text \<open>\<open>N = par_transl b - id\<close> is nilpotent with \<open>N time_unit = B\<close>, \<open>N B = (b \<bullet> b) infty_vec\<close>,
  \<open>N infty_vec = 0\<close>. An isometry commuting with \<open>N\<close> therefore scales \<open>infty_vec\<close>, and
  since it fixes a timelike vector, which is never orthogonal to a null one, the scalar is
  \<open>1\<close>; the same argument applied to \<open>B\<close> shows that \<open>B\<close> is fixed.\<close>

lemma par_transl_commuting_fixes:
  assumes iso: "mink_isom \<rho>" and b: "b \<noteq> 0" and z: "mink z z < 0" "\<rho> z = z"
    and comm: "\<And>v. \<rho> (par_transl b v) = par_transl b (\<rho> v)"
  shows "\<rho> infty_vec = infty_vec" "\<rho> (space_vec b) = space_vec b"
proof -
  have lin: "linear \<rho>" and mi: "\<And>x y. mink (\<rho> x) (\<rho> y) = mink x y"
    using iso by (auto simp: mink_isom_def)
  let ?E = "space_vec b" and ?F = infty_vec
  define \<beta> where "\<beta> = b \<bullet> b"
  have bp: "\<beta> > 0" using b by (simp add: \<beta>_def)
  define B where "B = ?E + (\<beta>/2) *\<^sub>R ?F"
  define N where "N v = - mink v ?F *\<^sub>R B + mink v ?E *\<^sub>R ?F" for v
  have "par_transl b v = v + N v" for v by (simp add: par_transl_eq N_def B_def \<beta>_def)
  then have commN: "\<rho> (N v) = N (\<rho> v)" for v using comm[of v] lin by (simp add: linear_add)
  have BF: "mink B ?F = 0" "mink ?F B = 0"
    by (simp_all add: B_def mink_simps mink_infty_infty mink_space_infty)
  have BE: "mink B ?E = \<beta>" by (simp add: B_def mink_simps mink_space_space mink_space_infty \<beta>_def)
  have NB: "N B = \<beta> *\<^sub>R ?F" by (simp add: N_def BF BE)
  have NF: "N ?F = 0" by (simp add: N_def mink_infty_infty mink_space_infty)
  define lam where "lam = - mink (\<rho> time_unit) ?F"
  define mu where "mu = mink (\<rho> time_unit) ?E"
  have "\<rho> B = N (\<rho> time_unit)"
    using commN[of time_unit] by (simp add: N_def mink_time_unit_infty mink_time_unit_space)
  then have rB: "\<rho> B = lam *\<^sub>R B + mu *\<^sub>R ?F" by (simp add: N_def lam_def mu_def)
  have "\<beta> *\<^sub>R \<rho> ?F = (lam * \<beta>) *\<^sub>R ?F"
    using commN[of B] lin
    by (simp add: NB rB NF linear_scale N_def mink_simps BF BE mink_infty_infty mink_space_infty)
  then have rF: "\<rho> ?F = lam *\<^sub>R ?F" using bp by (metis mult.commute scaleR_scaleR scaleR_cancel_left less_irrefl)
  have Fz: "mink ?F z \<noteq> 0" by (rule null_timelike_not_orthogonal[OF mink_infty_infty infty_vec_nonzero z(1)])
  have "mink ?F z = lam * mink ?F z" using mi[of ?F z] by (simp add: rF z(2) mink_simps)
  then have lam: "lam = 1" using Fz by simp
  have "mink B z = mink B z + mu * mink ?F z" using mi[of B z] by (simp add: rB z(2) lam mink_simps)
  then have "mu = 0" using Fz by simp
  then have rB1: "\<rho> B = B" using rB lam by simp
  show rF1: "\<rho> ?F = ?F" using rF lam by simp
  have "\<rho> (B - (\<beta>/2) *\<^sub>R ?F) = B - (\<beta>/2) *\<^sub>R ?F"
    using lin by (simp add: linear_diff linear_scale rB1 rF1)
  then show "\<rho> ?E = ?E" by (simp add: B_def)
qed

lemma par_conj_commuting_elliptic_fixes:
  assumes pc: "par_conj \<tau> g b" and \<rho>: "elliptic \<rho>" and comm: "\<tau> \<circ> \<rho> = \<rho> \<circ> \<tau>"
  shows "\<rho> (g infty_vec) = g infty_vec" "\<rho> (g (space_vec b)) = g (space_vec b)"
proof -
  have g: "mink_isom g" and t: "\<tau> = g \<circ> par_transl b \<circ> inv g" and b: "b \<noteq> 0"
    using pc by (auto simp: par_conj_def orient_isom_imp_mink_isom)
  have iso: "mink_isom \<rho>" using \<rho> by (simp add: elliptic_def orient_isom_imp_mink_isom)
  obtain z where z: "mink z z < 0" "\<rho> z = z" using \<rho> by (auto simp: elliptic_def)
  define \<rho>' where "\<rho>' = inv g \<circ> \<rho> \<circ> g"
  have iso': "mink_isom \<rho>'" unfolding \<rho>'_def by (intro mink_isom_comp mink_isom_inv g iso)
  have g_conj: "g (\<rho>' v) = \<rho> (g v)" for v by (simp add: \<rho>'_def mink_isom_f_inv_f[OF g])
  have "\<rho>' (par_transl b v) = par_transl b (\<rho>' v)" for v
    using fun_cong[OF comm, of "g v"] mink_isom_inv_f_f[OF g]
    by (simp add: \<rho>'_def t) (metis g_conj mink_isom_inv_f_f[OF g])
  moreover have "mink (inv g z) (inv g z) < 0" "\<rho>' (inv g z) = inv g z"
    using z mink_isom_inv[OF g] by (simp_all add: \<rho>'_def mink_isom_def mink_isom_f_inv_f[OF g])
  ultimately have "\<rho>' infty_vec = infty_vec" "\<rho>' (space_vec b) = space_vec b"
    using par_transl_commuting_fixes[OF iso' b] by blast+
  then show "\<rho> (g infty_vec) = g infty_vec" "\<rho> (g (space_vec b)) = g (space_vec b)"
    using g_conj by metis+
qed

lemma par_conj_commuting_elliptic_I:
  assumes pc: "par_conj \<tau> g b" and \<rho>: "elliptic_I \<rho>" and comm: "\<tau> \<circ> \<rho> = \<rho> \<circ> \<tau>"
  shows "g (eucl_normal (l *\<^sub>R b) d) \<in> fixspace \<rho>" "mperp (fixspace \<rho>) \<subseteq> fixspace \<tau>"
proof -
  have g: "mink_isom g" using pc by (simp add: par_conj_def orient_isom_imp_mink_isom)
  then have lg: "linear g" and mi: "\<And>x y. mink (g x) (g y) = mink x y" by (simp_all add: mink_isom_def)
  have fx: "g infty_vec \<in> fixspace \<rho>" "g (space_vec b) \<in> fixspace \<rho>"
    using par_conj_commuting_elliptic_fixes[OF pc _ comm] \<rho> by (auto simp: elliptic_I_def fixspace_def)
  then show "g (eucl_normal (l *\<^sub>R b) d) \<in> fixspace \<rho>"
    using fixspace_elliptic_I(1)[OF \<rho>] lg
    by (simp add: fixspace_def eucl_normal_eq space_vec_scale linear_add linear_scale mink_isom_def)
  show "mperp (fixspace \<rho>) \<subseteq> fixspace \<tau>"
  proof
    fix v assume "v \<in> mperp (fixspace \<rho>)"
    then have "mink (inv g v) infty_vec = 0" "mink (inv g v) (space_vec b) = 0"
      using fx mi[of "inv g v"] mink_isom_f_inv_f[OF g] by (auto simp: mperp_def mink_sym)
    then show "v \<in> fixspace \<tau>" using par_conj_fixes[OF pc] by (simp add: fixspace_def)
  qed
qed

lemma mem_bank_screw_parabolic:
  assumes "screw_parabolic h" "par_conj \<tau> g b" "elliptic_I \<rho>" "h = \<tau> \<circ> \<rho>" "h = \<rho> \<circ> \<tau>"
    "s \<in> parF g b" "hhyperplane t" "fixspace \<rho> \<subseteq> t" "hplane (s \<inter> t)"
  shows "s \<inter> t \<in> bank h"
  using assms unfolding bank_def mem_Collect_eq by (intro conjI disjI2 disjI1) blast+

lemma halfturn_factorisation_screw_parabolic:
  assumes \<gamma>: "screw_parabolic \<gamma>" and pc: "par_conj \<tau> g b" and \<rho>: "elliptic_I \<rho>"
    and split: "\<gamma> = \<tau> \<circ> \<rho>" "\<gamma> = \<rho> \<circ> \<tau>"
    and s: "s \<in> parF g b" and t: "hhyperplane t" "fixspace \<rho> \<subseteq> t"
  shows "\<exists>k1\<in>bank \<gamma>. \<exists>k2\<in>bank \<gamma>.
    \<gamma> = halfturn k1 \<circ> halfturn (s \<inter> t) \<and> \<gamma> = halfturn (s \<inter> t) \<circ> halfturn k2"
proof -
  let ?P = "fixspace \<rho>"
  have g: "mink_isom g" using pc by (simp add: par_conj_def orient_isom_imp_mink_isom)
  then have mi: "\<And>x y. mink (g x) (g y) = mink x y" by (simp add: mink_isom_def)
  have isoT: "mink_isom \<tau>" using mink_isom_par_conj[OF pc] .
  note P = fixspace_elliptic_I[OF \<rho>]
  have comm\<tau>\<rho>: "\<tau> \<circ> \<rho> = \<rho> \<circ> \<tau>" using split by simp
  obtain a c l where A: "a \<noteq> 0" "a = l *\<^sub>R b" "s = mperp {g (eucl_normal a c)}"
    using parF_normal[OF g s] by blast
  have inP: "g (eucl_normal a d) \<in> ?P" for d
    using par_conj_commuting_elliptic_I(1)[OF pc \<rho> comm\<tau>\<rho>] A(2) by simp
  obtain nt where nt: "mink nt nt > 0" "t = mperp {nt}" using hhyperplane_normal[OF t(1)] by blast
  have ntP: "nt \<in> mperp ?P" using t(2) nt(2) subset_mperp_singleton_iff by blast
  then have "\<tau> nt = nt" using par_conj_commuting_elliptic_I(2)[OF pc \<rho> comm\<tau>\<rho>] by (auto simp: fixspace_def)
  then have comm: "\<rho> \<circ> mrefl (g (eucl_normal a c)) = mrefl (g (eucl_normal a c)) \<circ> \<rho>"
    "\<tau> \<circ> mrefl nt = mrefl nt \<circ> \<tau>"
    using mink_isom_commutes_mrefl[OF P(1)] mink_isom_commutes_mrefl[OF isoT] inP
    by (auto simp: fixspace_def)
  let ?ns = "g (eucl_normal a c)"
  let ?n1 = "g (eucl_normal a (c + (a \<bullet> b)/2))" and ?n2 = "g (eucl_normal a (c - (a \<bullet> b)/2))"
  obtain b1 where b1: "b1 \<in> mperp ?P" "mink b1 b1 > 0" "\<rho> \<circ> mrefl nt = mrefl b1"
    using rotation_comp_mrefl[OF P(1,2) ntP nt(1)] by blast
  obtain b2 where b2: "b2 \<in> mperp ?P" "mink b2 b2 > 0" "mrefl nt \<circ> \<rho> = mrefl b2"
    using mrefl_comp_rotation[OF P(1,2) ntP nt(1)] by blast
  have "mink (g (eucl_normal a d)) (g (eucl_normal a d)) > 0" for d
    using A(1) by (simp add: mi mink_eucl_normal)
  then have pairs: "normal_pair ?ns nt" "normal_pair ?n1 b1" "normal_pair ?n2 b2"
    using inP nt(1) ntP b1 b2 by (auto simp: normal_pair_def mperp_def mink_sym)
  have st: "s \<inter> t = mperp {?ns, nt}" using A(3) nt(2) mperp_pair by simp
  have "\<gamma> = halfturn (mperp {?n1, b1}) \<circ> halfturn (s \<inter> t)"
    using halfturn_factor_left[OF pairs(1,2) split(1) comm(1) par_conj_comp_mrefl[OF pc A(2,1)] b1(3)] st
    by simp
  moreover have "\<gamma> = halfturn (s \<inter> t) \<circ> halfturn (mperp {?n2, b2})"
    using halfturn_factor_right[OF pairs(1,3) split(1) comm(2) mrefl_comp_par_conj[OF pc A(2,1)] b2(3)] st
    by simp
  moreover have "mperp {?n1, b1} \<in> bank \<gamma>" "mperp {?n2, b2} \<in> bank \<gamma>"
    using mem_bank_screw_parabolic[OF \<gamma> pc \<rho> split mperp_mem_parF[OF g A(1,2)]]
      normal_pair_hhyperplanes(1,3,4)[OF pairs(2)] normal_pair_hhyperplanes(1,3,4)[OF pairs(3)]
      b1(1) b2(1) subset_mperp_singleton_iff by auto
  ultimately show ?thesis by blast
qed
------------------------------------------------------------
### Task objective:
Gather each line in the data that holds the string "metis".

### Solution for this exercise:
  then have rF: "\<rho> ?F = lam *\<^sub>R ?F" using bp by (metis mult.commute scaleR_scaleR scaleR_cancel_left less_irrefl)
    by (simp add: \<rho>'_def t) (metis g_conj mink_isom_inv_f_f[OF g])
    using g_conj by metis+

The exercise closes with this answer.